3. D'autre part, aux termes de l'article L. 134-1 du code de l'action sociale et des familles : " Le contentieux relevant du présent chapitre comprend les litiges relatifs aux décisions du président du conseil départemental et du représentant de l'Etat dans le département en matière de prestations légales d'aide sociale prévues par le présent code ". En vertu du premier alinéa de l'article L. 134-2 du même code, les recours contentieux formés contre les décisions mentionnées à l'article L. 134-1 sont précédés d'un recours administratif préalable exercé devant l'auteur de la décision contestée. L'institution par ces dispositions d'un recours administratif préalable obligatoire à la saisine du juge a pour effet de laisser à l'autorité compétente pour en connaître le soin d'arrêter définitivement la position de l'administration. Il s'ensuit que la décision prise à la suite du recours préalable est seule susceptible d'être déférée au juge en ce qu'elle se substitue à la décision initiale.

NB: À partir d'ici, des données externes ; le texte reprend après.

lemma hardy_cross_term_has_integral_0:
  fixes u c :: "'a::euclidean_space \<Rightarrow> real"
  assumes ud: "\<And>x. u differentiable (at x)"
    and du: "\<And>v. continuous_on UNIV (\<lambda>x. frechet_derivative u (at x) v)"
    and K: "compact K" "K \<subseteq> {\<xi>. d < \<xi> \<bullet> \<nu>}" and u0: "\<And>x. x \<notin> K \<Longrightarrow> u x = 0"
    and V: "V = (\<lambda>\<xi>. e + c \<xi> *\<^sub>R f)" and cc: "continuous_on UNIV c"
    and c_inv: "\<And>x s. c (x + s *\<^sub>R e) = c x" "\<And>x s. c (x + s *\<^sub>R f) = c x"
  shows "((\<lambda>\<xi>. u \<xi> * frechet_derivative u (at \<xi>) (V \<xi>) * (V \<xi> \<bullet> \<nu>) / (\<xi> \<bullet> \<nu> - d)
             - (u \<xi>)\<^sup>2 * (V \<xi> \<bullet> \<nu>)\<^sup>2 / (2 * (\<xi> \<bullet> \<nu> - d)\<^sup>2))
          has_integral 0) {\<xi>. d < \<xi> \<bullet> \<nu>}"
proof -
  define a where "a \<xi> = V \<xi> \<bullet> \<nu>" for \<xi>
  have a_inv: "a (x + s *\<^sub>R e) = a x" "a (x + s *\<^sub>R f) = a x" for x s
    by (simp_all add: a_def V c_inv)
  have ca: "continuous_on UNIV a"
    unfolding a_def V using cc by (intro continuous_intros)
  have cu: "continuous_on UNIV u"
    by (simp add: ud differentiable_at_imp_differentiable_on differentiable_imp_continuous_on)
  have cK: "closed K" using K(1) by (rule compact_imp_closed)
  have D: "((\<lambda>s. hardy_potential u a \<nu> d (x + s *\<^sub>R v))
      has_real_derivative hardy_potential_deriv u a \<nu> d v x) (at 0)"
    if "\<And>x s. a (x + s *\<^sub>R v) = a x" for x v
    using hardy_potential_has_line_derivative[OF ud cK K(2) u0 that] .
  note C' = continuous_on_hardy_potential_deriv[OF cu du ca cK K(2) u0]
  have int0: "((\<lambda>x. hardy_potential_deriv u a \<nu> d e x + c x * hardy_potential_deriv u a \<nu> d f x)
      has_integral 0) UNIV"
    by (rule field_derivative_has_integral_0[where G = "hardy_potential u a \<nu> d"
          and he = "hardy_potential_deriv u a \<nu> d e" and hf = "hardy_potential_deriv u a \<nu> d f",
          OF K(1) continuous_on_hardy_potential[OF cu ca cK K(2) u0] C' C' cc _
          D[OF a_inv(1)] D[OF a_inv(2)] c_inv(2)])
      (auto simp: hardy_potential_def hardy_potential_deriv_def u0)
  have pointwise: "hardy_potential_deriv u a \<nu> d e \<xi> + c \<xi> * hardy_potential_deriv u a \<nu> d f \<xi> =
    (if \<xi> \<in> {\<xi>. d < \<xi> \<bullet> \<nu>}
     then u \<xi> * frechet_derivative u (at \<xi>) (V \<xi>) * a \<xi> / (\<xi> \<bullet> \<nu> - d)
            - (u \<xi>)\<^sup>2 * (a \<xi>)\<^sup>2 / (2 * (\<xi> \<bullet> \<nu> - d)\<^sup>2)
     else 0)" for \<xi>
  proof -
    have "frechet_derivative u (at \<xi>) (V \<xi>) =
        frechet_derivative u (at \<xi>) e + c \<xi> * frechet_derivative u (at \<xi>) f"
      unfolding V by (rule frechet_derivative_add_scaleR[OF ud])
    moreover have "a \<xi> = e \<bullet> \<nu> + c \<xi> * (f \<bullet> \<nu>)"
      by (simp add: a_def V inner_add_left)
    ultimately show ?thesis
      by (simp add: hardy_potential_deriv_def add_divide_distrib diff_divide_distrib
          power2_eq_square algebra_simps)
  qed
  show ?thesis
    using int0 unfolding pointwise has_integral_restrict_UNIV a_def .
qed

4. En l'espèce, il résulte de l'instruction que la décision attaquée du 20 janvier 2025 est la décision initiale par laquelle le président du conseil départemental de Seine-et-Marne a rejeté la demande de contrat jeune majeur présentée par le requérant. Il n'est pas établi ni même allégué que M. A aurait exercé le recours administratif préalable obligatoire imposé par les dispositions précitées contre cette décision. Il s'ensuit que les conclusions de la requête sont entachées d'une irrecevabilité qui est manifeste et que le tribunal n'est pas tenu d'inviter à régulariser.

O R D O N N E :

Article 1er : La requête de M. A est rejetée.

Article 2 : Le présent jugement sera notifié à M. B A, au département de Seine-et-Marne et à Me Desenlis.

Copie en sera adressée au bureau d'aide juridictionnelle.

Fait à Melun, le 05 mai 2025 .

Le président de la 8ème chambre,

X. POTTIER

La République mande et ordonne au préfet de Seine-et-Marne en ce qui le concerne ou à tous commissaires de justice à ce requis en ce qui concerne les voies de droit commun, contre les parties privées, de pourvoir à l'exécution de la présente décision.